---------- Supplied material ----------

lemma unit1_neutral:
  assumes "(v::'a::semigroup_mult option) \<in> S1"
  shows "unit1 * v = v" and "v * unit1 = v"
proof -
  have "unit1 * v = v \<and> v * unit1 = v"
  proof (cases "has_identity TYPE('a)")
    case True
    then have e: "\<forall>s. (SOME e::'a. \<forall>s. e * s = s \<and> s * e = s) * s = s
        \<and> s * (SOME e::'a. \<forall>s. e * s = s \<and> s * e = s) = s"
      unfolding has_identity_def by (rule someI_ex)
    obtain s where "v = Some s"
      using True assms by (auto simp: S1_def)
    then show ?thesis
      using True e by (simp add: unit1_def times_option_def)
  next
    case False
    then show ?thesis
      by (simp add: unit1_def flip: one_option_def)
  qed
  then show "unit1 * v = v" "v * unit1 = v" by simp_all
qed

lemma idems1_eq: "idems1 = S1 \<inter> idems"
  by (auto simp: idems1_def idems_def mult1_eq_times)

lemma sandwich1_eq: "sandwich1 e f = S1 \<inter> sandwich_set e f"
  by (auto simp: sandwich1_def sandwich_set_def idems1_eq mult1_eq_times)

fun canonical_skeleton :: "('x \<Rightarrow> 'a::semigroup_mult) \<Rightarrow> 'x gam \<Rightarrow> 'a option" where
  "canonical_skeleton f One = unit1"
| "canonical_skeleton f (Gen x) = Some (f x)"
| "canonical_skeleton f (Tri l c r) =
     sandwich_element (canonical_skeleton f r * canonical_skeleton f c)
       (canonical_skeleton f c * canonical_skeleton f l)"

definition sides_absorbed :: "('x gam \<Rightarrow> 'a::semigroup_mult option) \<Rightarrow> 'x gam \<Rightarrow> bool" where
  "sides_absorbed \<phi> g \<longleftrightarrow> \<phi> g \<in> idems1
     \<and> \<phi> g * \<phi> (gl g) * \<phi> g = \<phi> g \<and> \<phi> g * \<phi> (gr g) * \<phi> g = \<phi> g"

lemma canonical_skeleton_Tri:
  fixes f :: "'x \<Rightarrow> 'a::semigroup_mult"
  defines "\<phi> \<equiv> canonical_skeleton f"
  assumes reg: "regular_semigroup TYPE('a)"
    and sides: "sides_absorbed \<phi> l" "sides_absorbed \<phi> c" "sides_absorbed \<phi> r"
    and centre: "c \<in> {gl l, gr l}" "c \<in> {gl r, gr r}"
  shows "\<phi> (Tri l c r) \<in> sandwich1 (\<phi> r * \<phi> c) (\<phi> c * \<phi> l)"
    and "sides_absorbed \<phi> (Tri l c r)"
proof -
  have c: "\<phi> c \<in> S1" "\<phi> c * \<phi> c = \<phi> c"
    using sides(2) by (simp_all add: sides_absorbed_def idems1_eq idems_def)
  have "\<phi> l * \<phi> c * \<phi> l = \<phi> l" "\<phi> r * \<phi> c * \<phi> r = \<phi> r"
    using sides(1,3) centre by (auto simp: sides_absorbed_def)
  note triple = sandwich_element_triple[OF regular_semigroup_option[OF reg] c(2) this]
  have "\<phi> (Tri l c r)
      = \<phi> c * (\<phi> l * some_inverse (\<phi> r * \<phi> c * (\<phi> c * \<phi> l)) * (\<phi> r * \<phi> c))"
    by (simp add: \<phi>_def sandwich_element_def mult.assoc)
  then have "\<phi> (Tri l c r) \<in> S1"
    using c(1) by (simp add: S1_mult_left)
  then show "\<phi> (Tri l c r) \<in> sandwich1 (\<phi> r * \<phi> c) (\<phi> c * \<phi> l)"
    and "sides_absorbed \<phi> (Tri l c r)"
    using triple by (simp_all add: \<phi>_def sandwich1_eq sides_absorbed_def idems1_eq sandwich_set_def)
qed

lemma canonical_skeleton_sides_absorbed:
  fixes f :: "'x \<Rightarrow> 'a::semigroup_mult"
  assumes reg: "regular_semigroup TYPE('a)" and f: "f ` X \<subseteq> idems" and g: "g \<in> Gam X i"
  shows "sides_absorbed (canonical_skeleton f) g"
  using f g
proof (induction X i arbitrary: g rule: Gam.induct)
  case (1 X)
  then show ?case
    by (simp add: sides_absorbed_def idems1_eq idems_def unit1_S1 unit1_neutral[OF unit1_S1])
next
  case (2 X)
  then obtain x where "g = Gen x" and "f x * f x = f x"
    by (auto simp: idems_def)
  then show ?case
    by (simp add: sides_absorbed_def idems1_eq idems_def Some_S1 unit1_neutral[OF Some_S1])
next
  case (3 X i)
  then obtain l c r where g: "g = Tri l c r" and parts: "l \<in> Gam X (Suc i)" "c \<in> Gam X i"
    "r \<in> Gam X (Suc i)" and centre: "c \<in> {gl l, gr l}" "c \<in> {gl r, gr r}"
    by auto
  show ?case
    unfolding g using "3.IH"[OF "3.prems"(1)] parts centre
    by (blast intro: canonical_skeleton_Tri(2)[OF reg])
qed

lemma canonical_skeleton_in_sandwich1:
  fixes f :: "'x \<Rightarrow> 'a::semigroup_mult"
  defines "\<phi> \<equiv> canonical_skeleton f"
  assumes reg: "regular_semigroup TYPE('a)" and f: "f ` X \<subseteq> idems"
    and g: "g \<in> Gam X i" and i: "2 \<le> i"
  shows "\<phi> g \<in> sandwich1 (mult1 (\<phi> (gr g)) (\<phi> (gc g))) (mult1 (\<phi> (gc g)) (\<phi> (gl g)))"
proof -
  obtain j where "i = Suc (Suc j)"
    using i by (metis add_2_eq_Suc le_Suc_ex)
  with g obtain l c r where g: "g = Tri l c r" and parts: "l \<in> Gam X (Suc j)" "c \<in> Gam X j"
    "r \<in> Gam X (Suc j)" and centre: "c \<in> {gl l, gr l}" "c \<in> {gl r, gr r}"
    by auto
  have "\<phi> (Tri l c r) \<in> sandwich1 (\<phi> r * \<phi> c) (\<phi> c * \<phi> l)"
    unfolding \<phi>_def using canonical_skeleton_sides_absorbed[OF reg f] parts centre
    by (blast intro: canonical_skeleton_Tri(1)[OF reg])
  then show ?thesis
    by (simp add: g mult1_eq_times)
qed

theorem lemma5p3:
  fixes X :: "'x set" and \<phi>' :: "'x \<Rightarrow> 'a::semigroup_mult"
  assumes "X \<noteq> {}"
    and "regular_semigroup TYPE('a)"
    and "inj_on \<phi>' X"
    and "\<phi>' ` X \<subseteq> idems"
  shows "\<exists>\<phi> :: 'x gam \<Rightarrow> 'a option.
           skeleton_mapping X \<phi> \<and> (\<forall>x\<in>X. \<phi> (Gen x) = Some (\<phi>' x))"
proof (intro exI conjI)
  show "skeleton_mapping X (canonical_skeleton \<phi>')"
    unfolding skeleton_mapping_def
    using assms(3,4) canonical_skeleton_sides_absorbed[OF assms(2,4)]
      canonical_skeleton_in_sandwich1[OF assms(2,4)] unit1_neutral[OF Some_S1]
    by (auto simp: GamAll_def sides_absorbed_def inj_on_def mult1_eq_times)
  show "\<forall>x\<in>X. canonical_skeleton \<phi>' (Gen x) = Some (\<phi>' x)"
    by simp
qed

end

----------

**Activity:**
Each line above that contains the word "centre" should be counted, and only the total given.

**Output for this exercise:**
6